Military control of the B&O Roundhouse during the Civil War switched hands more than 50 times, making it a "fascinating" historical site and "jewel of early American railroading," U.S. Sen. Robert C. Byrd, D-W.Va., told a group gathered there Saturday.

"This piece of yesterday can be a key piece of tomorrow," Byrd told the group of more than 100 people gathered in the Frog & Switch Building of the Martinsburg Roundhouse Center as part of its eighth annual Roundhouse Rail Days, which continues today.

A plaque was unveiled to mark the Baltimore & Ohio Railroad Martinsburg Shops' 2003 designation as a National Historic Landmark.

Built in 1866, the roundhouse was known for its innovative 19th-century engineering and its involvement in the nation's first labor strike.


Clarence "CEM" E. Martin III, chairman of the Berkeley County Roundhouse Authority, also unveiled a plaque to honor Byrd, 88, for his help in securing funds for the roundhouse's refurbishment. The plaque also will be placed in the center.

"You would not see the level of preservation and restoration you're seeing today if not for his support of this project," Martin said.

Photographs of Byrd, depicting a young violin student through his time spent serving in the U.S. Senate, were tacked on the shop's walls. A local band, Allegheny Uprising, sang "Take Me Home, Country Roads," and a song its singer, Betty Jo Rockwell, wrote in honor of Byrd.

"I found inspiration in Senator Robert Byrd. I found inspiration in his words," Rockwell sang.

Earlier this month, Byrd announced $585,000 would be set aside from federal funds for the center. Overall, Byrd helped secure nearly $3.6 million for the project, according to a written release from his office.

Martin said $8 million has been raised over the past eight years to turn the center into a site for tourism and economic development.

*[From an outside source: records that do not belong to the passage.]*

(* Let $\sigma$ and $\tau$ be matchings, with $s=|\sigma|$ and $t=|\tau|$. The following are equivalent: (i) $\sigma\leq\tau$; (ii) $1(\sigma+1)1\ \leq\ 1(\tau+1)1(t+2)(t+2)$; (iii) $\sigma(s+1)(s+1)\ \leq\ 1(\tau+1)(t+2)(t+2)1$.
   Context: A matching of order $n$ is a partition of $[2n]$ into blocks (edges) of size two, identified with the word in $[n]^{2n}$ where both vertices of an edge carry the same letter and letters appear in increasing order of left vertices. $|\sigma|$ is the number of edges. For a matching $\alpha$, $\alpha+1$ denotes the word of $\alpha$ with $1$ added to each letter, and words are concatenated: e.g. $1(\sigma+1)1$ is $\sigma$ enclosed by one new edge, $1(\tau+1)1(t+2)(t+2)$ is $\tau$ enclosed by a new edge followed by a further separate edge, $\sigma(s+1)(s+1)$ is $\sigma$ followed by a separate edge, and $1(\tau+1)(t+2)(t+2)1$ is $\tau$ followed by a separate edge, all enclosed by a new edge. $\sigma\le\tau$ means $\sigma$ is a pattern of $\tau$: if $|\sigma|=k$, there are $i_1<\dots<i_{2k}$ with $\{i_p,i_q\}\in\tau$ iff $\{p,q\}\in\sigma$. *)

theory Defs
  imports Main
begin

text \<open>A matching of order n is represented by its word in [n]^(2n): a list of
  naturals of length 2n, in which every letter 1..n occurs exactly twice (the two
  vertices of an edge), and letters appear in increasing order of their left
  vertices (before any occurrence of letter b, every smaller letter a >= 1 has
  already occurred).\<close>

definition is_matching :: "nat list \<Rightarrow> bool" where
  "is_matching w \<longleftrightarrow>
     (\<exists>n. length w = 2 * n \<and> set w \<subseteq> {1..n} \<and>
          (\<forall>k\<in>{1..n}. count_list w k = 2) \<and>
          (\<forall>j<length w. \<forall>a. 1 \<le> a \<and> a < w ! j \<longrightarrow> (\<exists>i<j. w ! i = a)))"

definition msize :: "nat list \<Rightarrow> nat" where
  "msize w = length w div 2"

definition mshift :: "nat list \<Rightarrow> nat list" where
  "mshift w = map (\<lambda>x. x + 1) w"

text \<open>Pattern containment sigma <= tau: positions i_1 < ... < i_(2k) in tau such that
  {i_p, i_q} is an edge of tau iff {p, q} is an edge of sigma.\<close>
definition mpattern :: "nat list \<Rightarrow> nat list \<Rightarrow> bool" where
  "mpattern \<sigma> \<tau> \<longleftrightarrow>
     (\<exists>f. strict_mono_on {..<length \<sigma>} f \<and> (\<forall>p<length \<sigma>. f p < length \<tau>) \<and>
          (\<forall>p<length \<sigma>. \<forall>q<length \<sigma>. p \<noteq> q \<longrightarrow>
              (\<tau> ! (f p) = \<tau> ! (f q) \<longleftrightarrow> \<sigma> ! p = \<sigma> ! q)))"

end

theory Submission
  imports Defs
begin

"He truly is the architect of the future of West Virginia," Martin said.

Comparing Byrd to Cicero, Daniel Webster and Sir Thomas More, Martin applauded Byrd's convictions and love for his country and its Constitution, which he carries close to his heart.

If you go

What: Roundhouse Rail Days

When: Today, 11 a.m. to 5 p.m.

Where: Martinsburg Roundhouse Center, 100 E. Liberty St., Martinsburg, W.Va.

Admission is $5 for adults and free for children 12 and younger. Tickets will be sold at the front gate.